The grant from the Northern Borders Regional Commission for the design and construction of a trail and a new South Main Street underpass was the biggest single amount given to Vermont towns in this year’s round of grants.

The Lamoille Valley Rail Trail will run more than 90 miles from St. Johnsbury to Swanton.

The push to extend the trail from its current eastern terminus on the edge of St. Johnsbury to the downtown is expected to cost a total of $1.5 million.

Currently 34 miles of the Lamoille Valley Rail Trail is open. The state hopes to finish construction on the trail by the end of 2022.

- Associated Press

7. Small plane makes emergency landing in Richmond

A small plane made an emergency landing in a Richmond field Sunday, and state police say both the pilot and passenger walked away without any injuries.
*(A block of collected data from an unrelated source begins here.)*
text \<open>Adding to S the outer end of an edge leaving S adds at least that edge.\<close>

lemma connected_card_diff_le_induced_edges_diff:
  assumes "finite W" "connected_in E W" "S \<subseteq> W" "S \<noteq> {}"
  shows "card W - card S \<le> card (induced_edges E W - induced_edges E S)"
  using assms(3,4)
proof (induction "card W - card S" arbitrary: S rule: less_induct)
  case less
  show ?case
  proof (cases "S = W")
    case False
    then obtain s w where "s \<in> S" "w \<in> W - S" using less.prems by blast
    then have "(s, w) \<in> (adj_in E W)\<^sup>*"
      using assms(2) less.prems unfolding connected_in_def by blast
    then obtain u v where uv: "u \<in> S" "v \<notin> S" "(u, v) \<in> adj_in E W"
      using \<open>s \<in> S\<close> \<open>w \<in> W - S\<close> by (blast elim: rtrancl_exits_set)
    define S' where "S' = insert v S"
    have "v \<in> W" using uv(3) unfolding adj_in_def by auto
    then have S': "S' \<subseteq> W" "card S' = Suc (card S)"
      using less.prems uv(2) finite_subset[OF _ assms(1)] by (auto simp: S'_def)
    have "card W - card S' < card W - card S"
      using S' card_mono[OF assms(1)] by (metis Suc_le_eq diff_less_mono2 lessI)
    then have IH: "card W - card S' \<le> card (induced_edges E W - induced_edges E S')"
      using less.hyps S'(1) by (auto simp: S'_def)
    have "{u, v} \<in> induced_edges E S'"
      using uv by (auto simp: S'_def adj_in_def induced_edges_def insert_commute)
    moreover have "{u, v} \<notin> induced_edges E S"
      using uv(2) induced_edges_subset by blast
    ultimately have "induced_edges E W - induced_edges E S' \<subset> induced_edges E W - induced_edges E S"
      using induced_edges_mono[OF S'(1)] induced_edges_mono[of S S' E]
      by (auto simp: S'_def)
    then have "card (induced_edges E W - induced_edges E S') < card (induced_edges E W - induced_edges E S)"
      by (meson psubset_card_mono finite_Diff finite_induced_edges assms(1))
    then show ?thesis using IH S'(2) by linarith
  qed simp
qed

lemma connected_card_le_induced_edges:
  assumes "finite T" "connected_in E T"
  shows "card T \<le> card (induced_edges E T) + 1"
proof (cases "T = {}")
  case False
  then obtain v where "v \<in> T" by blast
  then have "card T - 1 \<le> card (induced_edges E T - induced_edges E {v})"
    using connected_card_diff_le_induced_edges_diff[OF assms, of "{v}"] by simp
  also have "\<dots> \<le> card (induced_edges E T)"
    by (rule card_mono) (auto simp: finite_induced_edges assms(1))
  finally show ?thesis by simp
qed simp

lemma tree_card_induced_edges_less:
  assumes "is_tree N E" "S \<subseteq> N" "S \<noteq> {}"
  shows "card (induced_edges E S) < card S"
proof -
  have N: "finite N" "connected_in E N" "E \<subseteq> N \<times> N"
    using assms(1) unfolding is_tree_def by auto
  then have "induced_edges E N = {{a, b} | a b. (a, b) \<in> E}"
    unfolding induced_edges_def by blast
  then have "card (induced_edges E N) = card N - 1"
    using assms(1) unfolding is_tree_def by simp
  moreover have "card N - card S \<le> card (induced_edges E N - induced_edges E S)"
    using connected_card_diff_le_induced_edges_diff[OF N(1,2) assms(2,3)] .
  moreover have "card (induced_edges E N - induced_edges E S)
      = card (induced_edges E N) - card (induced_edges E S)"
    using finite_induced_edges[OF N(1)] induced_edges_mono[OF assms(2)]
    by (meson card_Diff_subset finite_subset)
  moreover have "card (induced_edges E S) \<le> card (induced_edges E N)"
    using finite_induced_edges[OF N(1)] induced_edges_mono[OF assms(2)] by (rule card_mono)
  moreover have "0 < card S" "card S \<le> card N"
    using assms(2,3) N(1) by (auto simp: card_gt_0_iff finite_subset card_mono)
  ultimately show ?thesis by linarith
qed

lemma card_Un3:
  assumes "finite A" "finite B" "finite C"
  shows "int (card (A \<union> B \<union> C)) = int (card A) + card B + card C
     - card (A \<inter> B) - card (A \<inter> C) - card (B \<inter> C) + card (A \<inter> B \<inter> C)"
proof -
  have "(A \<union> B) \<inter> C = (A \<inter> C) \<union> (B \<inter> C)" "(A \<inter> C) \<inter> (B \<inter> C) = A \<inter> B \<inter> C"
    by blast+
  then show ?thesis
    using card_Un_Int[of A B] card_Un_Int[of "A \<union> B" C] card_Un_Int[of "A \<inter> C" "B \<inter> C"] assms
    by simp
qed

text \<open>A connected T spans at least |T| - 1 edges, while a nonempty set S of nodes of a tree spans
  at most |S| - 1. If the three subtrees had no common node, inclusion-exclusion for the nodes and
  for the edges of their union would contradict these bounds.\<close>

lemma tree_Helly3:
  assumes tree: "is_tree N E"
    and sub: "T1 \<subseteq> N" "T2 \<subseteq> N" "T3 \<subseteq> N"
    and conn: "connected_in E T1" "connected_in E T2" "connected_in E T3"
    and meet: "T1 \<inter> T2 \<noteq> {}" "T1 \<inter> T3 \<noteq> {}" "T2 \<inter> T3 \<noteq> {}"
  shows "T1 \<inter> T2 \<inter> T3 \<noteq> {}"
proof
  assume disj: "T1 \<inter> T2 \<inter> T3 = {}"
  let ?U = "T1 \<union> T2 \<union> T3" and ?F = "induced_edges E"
  have fin: "finite T1" "finite T2" "finite T3"
    using sub tree finite_subset unfolding is_tree_def by blast+
  have spans_less: "card (?F S) < card S" if "S \<subseteq> N" "S \<noteq> {}" for S
    using tree that by (rule tree_card_induced_edges_less)
  have "card (?F ?U) < card ?U" "card (?F (T1 \<inter> T2)) < card (T1 \<inter> T2)"
    "card (?F (T1 \<inter> T3)) < card (T1 \<inter> T3)" "card (?F (T2 \<inter> T3)) < card (T2 \<inter> T3)"
    using sub meet by (auto intro!: spans_less)
  moreover have "card T1 \<le> card (?F T1) + 1" "card T2 \<le> card (?F T2) + 1"
    "card T3 \<le> card (?F T3) + 1"
    using connected_card_le_induced_edges fin conn by simp_all
  moreover have "card (?F T1 \<union> ?F T2 \<union> ?F T3) \<le> card (?F ?U)"
    using induced_edges_mono[of _ ?U E] fin
    by (intro card_mono finite_induced_edges) auto
  moreover have "int (card (?F T1 \<union> ?F T2 \<union> ?F T3)) = int (card (?F T1)) + card (?F T2)
      + card (?F T3) - card (?F (T1 \<inter> T2)) - card (?F (T1 \<inter> T3)) - card (?F (T2 \<inter> T3))"
    using card_Un3[OF finite_induced_edges finite_induced_edges finite_induced_edges, OF fin]
    by (simp add: induced_edges_Int disj)
  moreover have "int (card ?U) = int (card T1) + card T2 + card T3 - card (T1 \<inter> T2)
      - card (T1 \<inter> T3) - card (T2 \<inter> T3)"
    using card_Un3[OF fin] by (simp add: disj)
  ultimately show False by linarith
qed

lemma tree_decomp_bag_containing_triangle:
  assumes decomp: "is_tree_decomp P N E B"
    and "\<exists>e\<in>set P. {x, y} \<subseteq> e" "\<exists>e\<in>set P. {x, z} \<subseteq> e" "\<exists>e\<in>set P. {y, z} \<subseteq> e"
  obtains t where "t \<in> N" "{x, y, z} \<subseteq> B t"
proof -
  let ?T = "\<lambda>v. {t \<in> N. v \<in> B t}"
  have tree: "is_tree N E" and conn: "\<And>v. connected_in E (?T v)"
    and cover: "\<And>e. e \<in> set P \<Longrightarrow> \<exists>t\<in>N. e \<subseteq> B t"
    using decomp unfolding is_tree_decomp_def by auto
  have meet: "?T u \<inter> ?T v \<noteq> {}" if "\<exists>e\<in>set P. {u, v} \<subseteq> e" for u v
  proof -
    from that obtain e where "e \<in> set P" "{u, v} \<subseteq> e" by blast
    with cover obtain t where "t \<in> N" "{u, v} \<subseteq> B t" by blast
    then show ?thesis by blast
  qed
  have "?T x \<inter> ?T y \<inter> ?T z \<noteq> {}"
    by (rule tree_Helly3[OF tree _ _ _ conn conn conn]) (use meet assms(2-4) in auto)
  then show ?thesis using that by blast
qed

lemma connected_in_two_nodes: "S \<subseteq> {a, b} \<Longrightarrow> connected_in {(a, b)} S"
  unfolding connected_in_def adj_in_def by auto

lemma tree_two_nodes: "a \<noteq> b \<Longrightarrow> is_tree {a, b} {(a, b)}"
  unfolding is_tree_def using connected_in_two_nodes[of "{a, b}" a b] by auto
Investigators say the small plane experienced unspecified mechanical issues when it made a "safe, controlled" landing in a field between Route 2 and I-89, shortly after 3 p.m. yesterday.

The pilot was Kyle Clark, of Underhill, the founder of electric aircraft startup Beta Technologies. Both Clark and a passenger were unhurt.

Another pilot for Beta survived a fiery wreck last month, when the helicopter he was piloting crashed on the Colchester Causeway. That pilot experienced minor injuries.

The two incidents both involved conventional gas-powered aircraft. Beta's experimental electric aircraft were not involved.

- Matthew Smith

Elodie Reed compiled and edited this post.